2 comments on “Political Strategy Notes

  1. Candace on

    I don’t know what percentages are, I havent taken any polls but there are people who find the president’s White Nationalism reassuring. You know he may be a horrible president but he wont come after them, which also makes them feel special, right? Being chosen over someone else no matter what the situation and details are has endless appeal for some.
    They also find him entertaining, saying similar kinds of things and they aren’t a danger to anyone, they’re role in society is the same as the president, haha.. so what’s the problem?

    So yeah when will someone talk to them about their belief that being white is going to protect them from what this administration is currently doing to those who are not? Like with surveillance and Muslims, what’s happening at the border and how black people are treated by law enforcement without any consequences: it is for everyone.
    Similarly, a response to what Trump said about Cummings, the squad and anything like it in the future should, I hope, include connecting how he will eventually treat us all the same way because he (and the Republicans) will.
    Encourage taking him seriously. His job and power are real. But also use his tweets and the attention they draw as an opportunity to spread unifying messages something like what AOC was saying in the press conference the squad gave. (The entire thing was quite good)
    you know fighting for everyone. No matter what the results of the election are we still have to live together.

  2. Victor on

    Democrats need white liberals in order to avoid them voting Green or other third party. Bold ideas can also help in mobilizing some parts of the minority vote.
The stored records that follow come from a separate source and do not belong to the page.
(* For every integer $n\ge 1$, the element $g_n=s^nas^{-n}t^nat^{-2n}at^n\in G$ satisfies $d_{\mathcal A}(1,g_n)=6n$, and every $h\in G$ with $d_{\mathcal A}(1,h)>6n$ satisfies $d_{\mathcal A}(g_n,h)>n$. In particular the depth of $g_n$ with respect to $\mathcal A$ is at least $n$.
   Context: $G=\langle a,s,t \mid a^2=1,\ [a,a^t]=1,\ [s,t]=1,\ a^s=aa^t\rangle$, where $[x,y]=x^{-1}y^{-1}xy$ and $x^y=y^{-1}xy$. $\mathcal A=\{a,s,t,at,ta,ata,as,sa,asa\}$ and $d_{\mathcal A}$ is the word metric on $G$ with respect to $\mathcal A$ (lengths of words in $\mathcal A\cup\mathcal A^{-1}$). The depth of $g\in G$ is the $d_{\mathcal A}$-distance from $g$ to the complement of the closed ball $\{h: d_{\mathcal A}(1,h)\le d_{\mathcal A}(1,g)\}$. *)

theory Defs
  imports Main
begin

text \<open>The group G = < a,s,t | a^2, [a,a^t], [s,t], a^s = a a^t > is modelled by words
  over the letters a,s,t and their inverses, modulo the congruence generated by free
  cancellation and the defining relators.\<close>

datatype gen = A | S | T

type_synonym letter = "gen \<times> bool"   \<comment> \<open>(x, False) = x, (x, True) = x^{-1}\<close>
type_synonym word = "letter list"

definition linv :: "letter \<Rightarrow> letter" where
  "linv l = (fst l, \<not> snd l)"

definition winv :: "word \<Rightarrow> word" where
  "winv w = rev (map linv w)"

definition ga :: word where "ga = [(A,False)]"
definition gs :: word where "gs = [(S,False)]"
definition gt :: word where "gt = [(T,False)]"

definition wpow :: "word \<Rightarrow> int \<Rightarrow> word" where
  "wpow w k = (if k \<ge> 0 then concat (replicate (nat k) w) else concat (replicate (nat (-k)) (winv w)))"

definition conj :: "word \<Rightarrow> word \<Rightarrow> word" where
  "conj x y = winv y @ x @ y"
definition comm :: "word \<Rightarrow> word \<Rightarrow> word" where
  "comm x y = winv x @ winv y @ x @ y"

definition relators :: "word set" where
  "relators = { ga @ ga,
                comm ga (conj ga gt),
                comm gs gt,
                conj ga gs @ winv (ga @ conj ga gt) }"

inductive geq :: "word \<Rightarrow> word \<Rightarrow> bool" where
  geq_refl: "geq u u"
| geq_sym: "geq u v \<Longrightarrow> geq v u"
| geq_trans: "geq u v \<Longrightarrow> geq v w \<Longrightarrow> geq u w"
| geq_cancel: "geq (u @ [x, linv x] @ v) (u @ v)"
| geq_rel: "r \<in> relators \<Longrightarrow> geq (u @ r @ v) (u @ v)"

datatype agen = Ga | Gs | Gt | Gat | Gta | Gata | Gas | Gsa | Gasa

fun agword :: "agen \<Rightarrow> word" where
  "agword Ga = ga"
| "agword Gs = gs"
| "agword Gt = gt"
| "agword Gat = ga @ gt"
| "agword Gta = gt @ ga"
| "agword Gata = ga @ gt @ ga"
| "agword Gas = ga @ gs"
| "agword Gsa = gs @ ga"
| "agword Gasa = ga @ gs @ ga"

definition evalA :: "(agen \<times> bool) list \<Rightarrow> word" where
  "evalA ws = concat (map (\<lambda>(g,b). if b then winv (agword g) else agword g) ws)"

definition dA :: "word \<Rightarrow> word \<Rightarrow> nat" where
  "dA g h = (LEAST k. \<exists>ws. length ws = k \<and> geq (evalA ws) (winv g @ h))"

definition depth :: "word \<Rightarrow> nat" where
  "depth g = (LEAST k. \<exists>h. dA [] h > dA [] g \<and> dA g h = k)"

definition gn :: "nat \<Rightarrow> word" where
  "gn n = wpow gs (int n) @ ga @ wpow gs (- int n) @ wpow gt (int n) @ ga
          @ wpow gt (- 2 * int n) @ ga @ wpow gt (int n)"

end

theory Submission
  imports Defs "HOL-Library.Product_Plus"
begin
    But both the Rust Belt and the Sun Belt strategies require higher turnout among groups that are not white liberals.

    Trump got more minority voters than Romney. In states like Florida if Trump manages to get a good deal of the Hispanic vote, like the Republican Governor and Senator did in 2018, then Democrats are in trouble. This is true in all of the Sun Belt.

    While white liberals want open borders, most Hispanics prefer comprehensive immigration reform.